The computer runs (very smoothly actually) Debian 7; all the hardware is in very good condition and it has 2GB of Ram. Yesterday I attached it to Rosetta@Home and it started crunching a
bmpr1_attempt3_0_SAVE_ALL_OUT_IGNORE_THE_REST_0se1zv2k_951179_2
workunit; default runtime: 8hrs.
This morning the Wu was at 98.9% of progress, after more than 15 hours of elaboration and no checkpoints were made, that is, no decoy was computed. The process was running, 100% cpu usage, 20% ram usage and, when I checked the /proc/PID/fd/2 file I saw that it was sending signal with its runtime. I killed the WU and now it started another one,
tgfbR2_1_SAVE_ALL_OUT_IGNORE_THE_REST_6th1hn7q_951729_3
. 16471 seconds have passed and still no checkpoint/decoy.
Now, I know that the processor is old (2003) and slow (single core 2.8Ghz) BUT the absence of decoys still looks very inconsistent to me. BMPR and TGFBR2 WUs are very "easy" one and a single core of my Xeon L5420 completes hundreds of decoys in the same time. I know that the IPC of a Pentium 4 is much lower than the one of Core2Duo, but I tried to do some proportions and this behavior is just impossible. Ok, it is slower, but not one hundred time slower! More like 50% and in case I expect half decoys, not no decoys!
Just for curiosity, why? Is it related to the 32 bit architecture? Moreover I have found a couple of old P4/Xeon/Celeron Family 15 in the accounts of "Fold for Covid" and "Grcpool" and they are still working. I am just curious because this thing is puzzling me.
Any suggestion to a project where switching this machine for these days? Tn-Grid no because in order to support P4 with SSE2 is required a recompilation; I have done it but the binary is in another computer I cannot access it and I cannot recompile it now because yesterday in trying to update from Debian 7 to 10 I broken apt and i do not want to fix it, thus I can not install the dependencies required to compile Tn-Grid for SSE2 and I do not want to crunch it without SIMD as a matter of principle. WCG's MIP?
Thank you.[/code]
ID: 97963 · Rating: 0 · rate: Rate + / Rate - Report as offensive    Reply Quote
Mod.Sense
Volunteer moderator

Send message
Joined: 22 Aug 06
Posts: 4018
Credit: 0
RAC: 0
Message 97965 - Posted: 8 Jul 2020, 20:31:22 UTC

I agree, you should be able to complete some models. Just not as many per unit time.
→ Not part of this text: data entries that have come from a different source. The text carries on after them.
lemma exp_minus_mult_linear_less_cubic: "0 < (y::real) \<Longrightarrow> 6 * (y - 2 + (y + 2) * exp (- y)) < y^3"
proof (rule less_from_0_by_deriv[of "\<lambda>y. 6 * (y - 2 + (y + 2) * exp (- y))" "\<lambda>y. y^3"
      "\<lambda>y. 6 - 6 * (y + 1) * exp (- y)" "\<lambda>y. 3 * y^2"])
  show "6 - 6 * (y + 1) * exp (- y) < 3 * y^2" if "0 < y" for y :: real
    by (rule less_from_0_by_deriv[of "\<lambda>y. 6 - 6 * (y + 1) * exp (- y)" "\<lambda>y. 3 * y^2"
          "\<lambda>y. 6 * y * exp (- y)" "\<lambda>y. 6 * y"])
       (use that in \<open>auto intro!: derivative_eq_intros simp: algebra_simps\<close>)
qed (auto intro!: derivative_eq_intros simp: algebra_simps power2_eq_square)

lemma two_plus_square_less_exp_plus_exp_minus: "0 < (y::real) \<Longrightarrow> 2 + y^2 < exp y + exp (- y)"
proof -
  have cosh: "2 < exp y + exp (- y)" if "0 < y" for y :: real
    by (rule less_from_0_by_deriv[of "\<lambda>_. 2" "\<lambda>y. exp y + exp (- y)" "\<lambda>_. 0" "\<lambda>y. exp y - exp (- y)"])
       (use that in \<open>auto intro!: derivative_eq_intros\<close>)
  have sinh: "2 * y < exp y - exp (- y)" if "0 < y" for y :: real
    by (rule less_from_0_by_deriv[of "\<lambda>y. 2 * y" "\<lambda>y. exp y - exp (- y)" "\<lambda>_. 2" "\<lambda>y. exp y + exp (- y)"])
       (use that cosh in \<open>auto intro!: derivative_eq_intros\<close>)
  show "0 < y \<Longrightarrow> ?thesis"
    by (rule less_from_0_by_deriv[of "\<lambda>y. 2 + y^2" "\<lambda>y. exp y + exp (- y)" "\<lambda>y. 2 * y" "\<lambda>y. exp y - exp (- y)"])
       (use sinh in \<open>auto intro!: derivative_eq_intros\<close>)
qed

definition F1' :: "real \<Rightarrow> real" where
  "F1' y = 4 / y^2 * (y^2/2 - 1 + exp (- y) * (y + 1))"

definition F1'' :: "real \<Rightarrow> real" where
  "F1'' y = 4 / y^3 * (2 - exp (- y) * (y^2 + 2*y + 2))"

lemma has_real_derivative_F1: "0 < y \<Longrightarrow> (F1 has_real_derivative F1' y) (at y)"
  unfolding F1_def[abs_def] F1'_def
  by (auto intro!: derivative_eq_intros simp: field_simps power2_eq_square)

lemma has_real_derivative_F1': "0 < y \<Longrightarrow> (F1' has_real_derivative F1'' y) (at y)"
  unfolding F1'_def[abs_def] F1''_def
  by (auto intro!: derivative_eq_intros simp: field_simps power2_eq_square power3_eq_cube)

lemma F1_chain [derivative_intros]:
  "(g has_real_derivative g') (at x within S) \<Longrightarrow> 0 < g x \<Longrightarrow>
   ((\<lambda>x. F1 (g x)) has_real_derivative F1' (g x) * g') (at x within S)"
  using DERIV_chain2[OF has_real_derivative_F1] by blast

lemma F1'_chain [derivative_intros]:
  "(g has_real_derivative g') (at x within S) \<Longrightarrow> 0 < g x \<Longrightarrow>
   ((\<lambda>x. F1' (g x)) has_real_derivative F1'' (g x) * g') (at x within S)"
  using DERIV_chain2[OF has_real_derivative_F1'] by blast

lemma F1_pos: "0 < y \<Longrightarrow> 0 < F1 y"
  using exp_minus_less_Taylor_2[of y] unfolding F1_def by simp

lemma F1_tangent_gap: "0 < y \<Longrightarrow> y * F1' y - F1 y = 4 / y * (y - 2 + (y + 2) * exp (- y))"
  unfolding F1'_def F1_def by (simp add: field_simps power2_eq_square)

definition curv_hor :: "real \<Rightarrow> real" where
  "curv_hor f = - F1 f / f^2"

definition curv_vert :: "real \<Rightarrow> real" where
  "curv_vert f = - F1'' f / 2"

definition curv_mix :: "real \<Rightarrow> real" where
  "curv_mix f = (f * F1' f - F1 f) / (4 * f^2)"

lemma curv_hor_bounds: "0 < f \<Longrightarrow> - (2/3) < curv_hor f \<and> curv_hor f < 0"
  using Taylor_3_less_exp_minus[of f] F1_pos[of f] unfolding curv_hor_def F1_def
  by (auto simp: field_simps power2_eq_square power3_eq_cube)

lemma curv_hor_less: "0 < f \<Longrightarrow> curv_hor f < - (2/3) + f/6"
  using exp_minus_less_Taylor_4[of f] unfolding curv_hor_def F1_def
  by (auto simp: field_simps power2_eq_square power3_eq_cube power4_eq_xxxx)

lemma curv_vert_bounds: "0 < f \<Longrightarrow> - (2/3) < curv_vert f \<and> curv_vert f < 0"
  using exp_minus_mult_quadratic_less[of f] exp_minus_mult_quadratic_gt[of f]
  unfolding curv_vert_def F1''_def by (auto simp: field_simps power3_eq_cube)

lemma curv_mix_bounds: "0 < f \<Longrightarrow> 0 < curv_mix f \<and> curv_mix f < 1/6"
  using exp_minus_mult_linear_gt[of f] exp_minus_mult_linear_less_cubic[of f]
  unfolding curv_mix_def F1_tangent_gap by (auto simp: field_simps power2_eq_square power3_eq_cube)

lemma curv_mix_le: "0 < f \<Longrightarrow> curv_mix f \<le> 2 / f^2"
proof -
  assume "0 < f"
  then have "(f + 2) * exp (- f) \<le> f + 2"
    by (intro mult_left_le) auto
  then have numerator_le: "f - 2 + (f + 2) * exp (- f) \<le> 2 * f"
    by linarith
  have "curv_mix f = (f - 2 + (f + 2) * exp (- f)) / f^3"
    using \<open>0 < f\<close> unfolding curv_mix_def F1_tangent_gap[OF \<open>0 < f\<close>]
    by (simp add: field_simps power2_eq_square power3_eq_cube)
  also have "\<dots> \<le> (2 * f) / f^3"
    using \<open>0 < f\<close> by (intro divide_right_mono[OF numerator_le]) simp
  also have "\<dots> = 2 / f^2"
    using \<open>0 < f\<close> by (simp add: power2_eq_square power3_eq_cube)
  finally show ?thesis .
qed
Are the tasks actually getting CPU time? Or are they just shown as "running" for their status. Normally I would tell a Windows user to go to task manager to see if they are using CPU, and to confirm with the WU properties the actual CPU time is increasing. On Linux, I guess have a look at top, and see if the tasks are getting CPU. Although you did say they ran 100% CPU. So it sounds like you've already checked this.

There is nothing about an older CPU that should impact checkpointing either. As you allude to, a checkpoint is taken at least at the end of each model, and often at various times within a model as well. What have you set for your preference on how often to request tasks to checkpoint?

It is always possible that the first model of the WU happened to go rogue. How did the next machine do with the reassigned tasks?
Rosetta Moderator: Mod.Sense
ID: 97965 · Rating: 0 · rate: Rate + / Rate - Report as offensive    Reply Quote
manalog

Send message
Joined: 8 Apr 15
Posts: 24
Credit: 233,155
RAC: 0
Message 97970 - Posted: 8 Jul 2020, 23:46:59 UTC - in response to Message 97965.  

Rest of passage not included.